— Required work —
In the entries below, find the line with "complex) \<Rightarrow> real" and the line with "bound is continuous, also". Return those two lines and all lines between them, exactly.

— Provided entries —
● ● ●
(* Let $0<k_{\max}<\infty$ and $I=[-k_{\max},k_{\max}]$. Then $$\sup_{\psi\in L^2(I),\ \|\psi\|=1}\ \sup_{x\in\mathbb R}|(\mathcal F\psi)(x)|^2=\frac{k_{\max}}{\pi},$$ so the minimal length in terms of min-entropy is $$\Gamma^\infty_{\min}:=\inf_{\psi\in L^2(I),\|\psi\|=1}\Big[-\log\big(\operatorname{ess\,sup}_x|(\mathcal F\psi)(x)|^2\big)\Big]=-\log\frac{k_{\max}}{\pi}.$$ In particular, if the variance-based minimal length is normalised, $\pi^2/(4k_{\max}^2)=1$, then $\Gamma^\infty_{\min}=\log2$ (one bit).
   Context: $(\mathcal F\psi)(x)=\frac1{\sqrt{2\pi}}\int_Ie^{ikx}\psi(k)\,dk$; $\log$ is the natural logarithm. The min-entropy of a probability density $w$ is $h_\infty(w)=-\log(\operatorname{ess\,sup}_x w(x))$. In the standard model of a modified algebra, $k_{\max}=\int_0^\infty dp/f(p)$ is the momentum cut-off and states are elements of $L^2(I)$ in the unmodified-momentum representation. *)

theory Defs
  imports "HOL-Analysis.Analysis" "HOL-Probability.Essential_Supremum"
begin

definition Iint :: "real \<Rightarrow> real set" where
  "Iint kmax = {-kmax..kmax}"

text \<open>Normalised states in L2(I), represented by measurable square-integrable
  functions (values outside I are irrelevant).\<close>
definition states :: "real \<Rightarrow> (real \<Rightarrow> complex) set" where
  "states kmax = {\<psi>. \<psi> \<in> borel_measurable lborel
      \<and> set_integrable lborel (Iint kmax) (\<lambda>k. (cmod (\<psi> k))\<^sup>2)
      \<and> (LINT k:Iint kmax|lborel. (cmod (\<psi> k))\<^sup>2) = 1}"

definition fourierI :: "real \<Rightarrow> (real \<Rightarrow> complex) \<Rightarrow> real \<Rightarrow> complex" where
  "fourierI kmax \<psi> x = complex_of_real (1 / sqrt (2 * pi)) *
      (LINT k:Iint kmax|lborel. exp (\<i> * complex_of_real (k * x)) * \<psi> k)"

definition min_entropy :: "(real \<Rightarrow> real) \<Rightarrow> ereal" where
  "min_entropy w = (let s = esssup lborel (\<lambda>x. ereal (w x)) in
      if s = \<infinity> then -\<infinity> else if s \<le> 0 then \<infinity> else ereal (- ln (real_of_ereal s)))"

end

theory Submission
  imports Defs
begin

text \<open>
  Bounding the integrand of the Fourier transform by \<open>|\<psi>|\<close> and using Cauchy--Schwarz on \<open>I\<close>
  (in its AM-GM form) gives \<open>|F\<psi>(x)| \<le> (2\<pi>)\<^sup>-\<^sup>1\<^sup>/\<^sup>2 \<surd>(2 kmax)\<close>, i.e.
  \<open>|F\<psi>(x)|\<^sup>2 \<le> kmax/\<pi>\<close> for every normalised \<open>\<psi>\<close> and every \<open>x\<close>; hence the essential supremum is at most
  \<open>kmax/\<pi>\<close> and the min-entropy at least \<open>-log (kmax/\<pi>)\<close>. The constant state \<open>(2 kmax)\<^sup>-\<^sup>1\<^sup>/\<^sup>2\<close>
  is extremal: from \<open>cos t \<ge> 1 - |t|\<close> its transform satisfies
  \<open>|F\<psi>(x)|\<^sup>2 \<ge> (kmax/\<pi>) (1 - kmax |x|)\<^sup>2\<close>, so the bound is attained at \<open>x = 0\<close> and, since the lower
  bound is continuous, also as an essential supremum.
\<close>

lemma set_integrable_const:
  fixes c :: "'b::{banach, second_countable_topology}"
  assumes "A \<in> sets M" "emeasure M A \<noteq> \<infinity>"
  shows "set_integrable M A (\<lambda>_. c)"
  using assms unfolding set_integrable_def
  by (intro integrable_scaleR_left integrable_real_indicator) (auto simp: less_top)

lemma set_integrable_if_square_integrable:
  fixes f :: "'a \<Rightarrow> 'b::{banach, second_countable_topology}"
  assumes "A \<in> sets M" "emeasure M A \<noteq> \<infinity>" "set_borel_measurable M A f"
    and "set_integrable M A (\<lambda>x. (norm (f x))\<^sup>2)"
  shows "set_integrable M A f"
proof (rule set_integrable_bound[OF _ assms(3)])
  show "set_integrable M A (\<lambda>x. ((norm (f x))\<^sup>2 + 1) / 2)"
    using assms(4) set_integrable_const[OF assms(1,2)]
    by (intro set_integrable_divide set_integral_add(1))
  have "norm (f x) \<le> ((norm (f x))\<^sup>2 + 1) / 2" for x
    using zero_le_power2[of "norm (f x) - 1"] by (simp add: power2_diff)
  then show "AE x in M. x \<in> A \<longrightarrow> norm (f x) \<le> norm (((norm (f x))\<^sup>2 + 1) / 2)"
    by (auto intro!: AE_I2 simp del: power2_abs)
qed

lemma set_integral_norm_le_sqrt_measure:
  fixes f :: "'a \<Rightarrow> 'b::{banach, second_countable_topology}"
  assumes A: "A \<in> sets M" "emeasure M A \<noteq> \<infinity>" "0 < measure M A"
    and f: "set_borel_measurable M A f" "set_integrable M A (\<lambda>x. (norm (f x))\<^sup>2)"
    and normalised: "(LINT x:A|M. (norm (f x))\<^sup>2) = 1"
  shows "(LINT x:A|M. norm (f x)) \<le> sqrt (measure M A)"
proof -
  define a where "a = sqrt (measure M A)"
  have a: "0 < a" "a * a = measure M A"
    using A(3) by (simp_all add: a_def)
  note one = set_integrable_const[OF A(1,2), of "1::real"]
  have majorant: "set_integrable M A (\<lambda>x. (a * (norm (f x))\<^sup>2 + 1 / a) / 2)"
    using f(2) one by (intro set_integrable_divide set_integral_add(1) set_integrable_mult_right)
  \<comment> \<open>AM-GM with weight \<open>a\<close>, chosen so that the two terms balance after integration\<close>
  have "norm (f x) \<le> (a * (norm (f x))\<^sup>2 + 1 / a) / 2" for x
  proof -
    have "2 * a * norm (f x) \<le> a * (a * (norm (f x))\<^sup>2) + 1"
      using zero_le_power2[of "a * norm (f x) - 1"] by (simp add: power2_eq_square algebra_simps)
    then show ?thesis
      using a(1) by (simp add: field_simps power2_eq_square)
  qed
  then have "(LINT x:A|M. norm (f x)) \<le> (LINT x:A|M. (a * (norm (f x))\<^sup>2 + 1 / a) / 2)"
    using set_integrable_norm[OF set_integrable_if_square_integrable[OF A(1,2) f]] majorant
    by (intro set_integral_mono)
  also have "\<dots> = (a + measure M A / a) / 2"
    using f(2) one normalised A(1,2)
    by (simp add: set_integral_add set_integral_const)
  also have "\<dots> = a"
    using a by (simp add: field_simps)
  finally show ?thesis
    by (simp add: a_def)
qed

lemma set_integrable_Re:
  assumes "set_integrable M A f"
  shows "set_integrable M A (\<lambda>x. Re (f x))"
  using integrable_Re[OF assms[unfolded set_integrable_def]]
  by (simp add: set_integrable_def scaleR_conv_of_real)

lemma set_integral_Re:
  assumes "set_integrable M A f"
  shows "Re (LINT x:A|M. f x) = (LINT x:A|M. Re (f x))"
  using assms unfolding set_integrable_def set_lebesgue_integral_def
  by (subst integral_Re[symmetric]) (simp_all add: scaleR_conv_of_real)

lemma cos_ge_one_minus_abs: "1 - \<bar>t\<bar> \<le> cos (t::real)"
proof -
  have "(sin (t/2))\<^sup>2 = \<bar>sin (t/2)\<bar> * \<bar>sin (t/2)\<bar>"
    by (simp add: power2_eq_square)
  also have "\<dots> \<le> \<bar>sin (t/2)\<bar>"
    by (rule mult_left_le[OF abs_sin_le_one abs_ge_zero])
  also have "\<dots> \<le> \<bar>t/2\<bar>"
    by (rule abs_sin_x_le_abs_x)
  finally show ?thesis
    using cos_double_sin[of "t/2"] by simp
qed

lemma le_esssup_lborel_if_eventually_greater:
  fixes w :: "real \<Rightarrow> ereal"
  assumes "\<And>t. t < c \<Longrightarrow> eventually (\<lambda>x. t < w x) (at x0)"
  shows "c \<le> esssup lborel w"
proof (rule ccontr)
  assume "\<not> c \<le> esssup lborel w"
  then have "esssup lborel w < c"
    by (simp add: not_le)
  then obtain t where t: "esssup lborel w < t" "t < c"
    using dense by blast
  obtain d where d: "0 < d" "\<And>x. x \<noteq> x0 \<Longrightarrow> dist x x0 < d \<Longrightarrow> t < w x"
    using assms[OF t(2)] unfolding eventually_at by blast
  have "AE x in lborel. x \<notin> {x0<..<x0 + d}"
    using esssup_AE[of w lborel]
  proof eventually_elim
    case (elim x)
    show ?case
    proof
      assume "x \<in> {x0<..<x0 + d}"
      then have "t < w x"
        by (intro d(2)) (auto simp: dist_real_def)
      with elim t(1) show False
        by simp
    qed
  qed
  then have "emeasure lborel {x0<..<x0 + d} = 0"
    by (subst (asm) AE_iff_measurable[of "{x0<..<x0 + d}"]) auto
  then show False
    using d(1) by simp
qed

lemma min_entropy_ge_if_esssup_le:
  assumes "esssup lborel (\<lambda>x. ereal (w x)) \<le> ereal c" "0 < c"
  shows "ereal (- ln c) \<le> min_entropy w"
proof (cases "esssup lborel (\<lambda>x. ereal (w x)) \<le> 0")
  case False
  with assms(1) obtain s where s: "esssup lborel (\<lambda>x. ereal (w x)) = ereal s" "0 < s" "s \<le> c"
    by (cases "esssup lborel (\<lambda>x. ereal (w x))") auto
  then show ?thesis
    by (simp add: min_entropy_def)
qed (auto simp: min_entropy_def Let_def)

lemma min_entropy_eq_if_esssup_eq:
  assumes "esssup lborel (\<lambda>x. ereal (w x)) = ereal c" "0 < c"
  shows "min_entropy w = ereal (- ln c)"
  using assms by (simp add: min_entropy_def)

lemma Iint_in_sets [measurable]: "Iint K \<in> sets lborel"
  by (simp add: Iint_def)

lemma emeasure_Iint_finite: "emeasure lborel (Iint K) \<noteq> \<infinity>"
  by (simp add: Iint_def emeasure_lborel_Icc_eq)

lemma measure_Iint: "0 \<le> K \<Longrightarrow> measure lborel (Iint K) = 2 * K"
  by (simp add: Iint_def)

lemma norm_fourierI_sq_le:
  assumes K: "0 < K" and \<psi>: "\<psi> \<in> states K"
  shows "(cmod (fourierI K \<psi> x))\<^sup>2 \<le> K / pi"
proof -
  have [measurable]: "\<psi> \<in> borel_measurable lborel"
    and sq: "set_integrable lborel (Iint K) (\<lambda>k. (cmod (\<psi> k))\<^sup>2)"
    and normalised: "(LINT k:Iint K|lborel. (cmod (\<psi> k))\<^sup>2) = 1"
    using \<psi> by (auto simp: states_def)
  have meas: "set_borel_measurable lborel (Iint K) \<psi>"
    unfolding set_borel_measurable_def by measurable
  have "set_integrable lborel (Iint K) (\<lambda>k. exp (\<i> * complex_of_real (k * x)) * \<psi> k)"
    using set_integrable_if_square_integrable[OF Iint_in_sets emeasure_Iint_finite meas sq]
    by (rule set_integrable_bound) (auto simp: set_borel_measurable_def norm_mult)
  then have "cmod (LINT k:Iint K|lborel. exp (\<i> * complex_of_real (k * x)) * \<psi> k)
      \<le> (LINT k:Iint K|lborel. cmod (\<psi> k))"
    using set_integral_norm_bound by (fastforce simp: norm_mult)
  also have "\<dots> \<le> sqrt (2 * K)"
    using set_integral_norm_le_sqrt_measure[OF Iint_in_sets emeasure_Iint_finite _ meas sq normalised] K
    by (simp add: measure_Iint)
  finally have "(cmod (fourierI K \<psi> x))\<^sup>2 \<le> (1 / sqrt (2 * pi) * sqrt (2 * K))\<^sup>2"
    unfolding fourierI_def norm_mult norm_of_real
    by (intro power_mono mult_left_mono) (auto intro: divide_right_mono simp del: of_real_mult)
  also have "\<dots> = K / pi"
    using K by (simp add: power_mult_distrib power_divide)
  finally show ?thesis .
qed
● ● ●
— Exercise result —
definition fourierI :: "real \<Rightarrow> (real \<Rightarrow> complex) \<Rightarrow> real \<Rightarrow> complex" where
  "fourierI kmax \<psi> x = complex_of_real (1 / sqrt (2 * pi)) *
      (LINT k:Iint kmax|lborel. exp (\<i> * complex_of_real (k * x)) * \<psi> k)"

definition min_entropy :: "(real \<Rightarrow> real) \<Rightarrow> ereal" where
  "min_entropy w = (let s = esssup lborel (\<lambda>x. ereal (w x)) in
      if s = \<infinity> then -\<infinity> else if s \<le> 0 then \<infinity> else ereal (- ln (real_of_ereal s)))"

end

theory Submission
  imports Defs
begin

text \<open>
  Bounding the integrand of the Fourier transform by \<open>|\<psi>|\<close> and using Cauchy--Schwarz on \<open>I\<close>
  (in its AM-GM form) gives \<open>|F\<psi>(x)| \<le> (2\<pi>)\<^sup>-\<^sup>1\<^sup>/\<^sup>2 \<surd>(2 kmax)\<close>, i.e.
  \<open>|F\<psi>(x)|\<^sup>2 \<le> kmax/\<pi>\<close> for every normalised \<open>\<psi>\<close> and every \<open>x\<close>; hence the essential supremum is at most
  \<open>kmax/\<pi>\<close> and the min-entropy at least \<open>-log (kmax/\<pi>)\<close>. The constant state \<open>(2 kmax)\<^sup>-\<^sup>1\<^sup>/\<^sup>2\<close>
  is extremal: from \<open>cos t \<ge> 1 - |t|\<close> its transform satisfies
  \<open>|F\<psi>(x)|\<^sup>2 \<ge> (kmax/\<pi>) (1 - kmax |x|)\<^sup>2\<close>, so the bound is attained at \<open>x = 0\<close> and, since the lower
  bound is continuous, also as an essential supremum.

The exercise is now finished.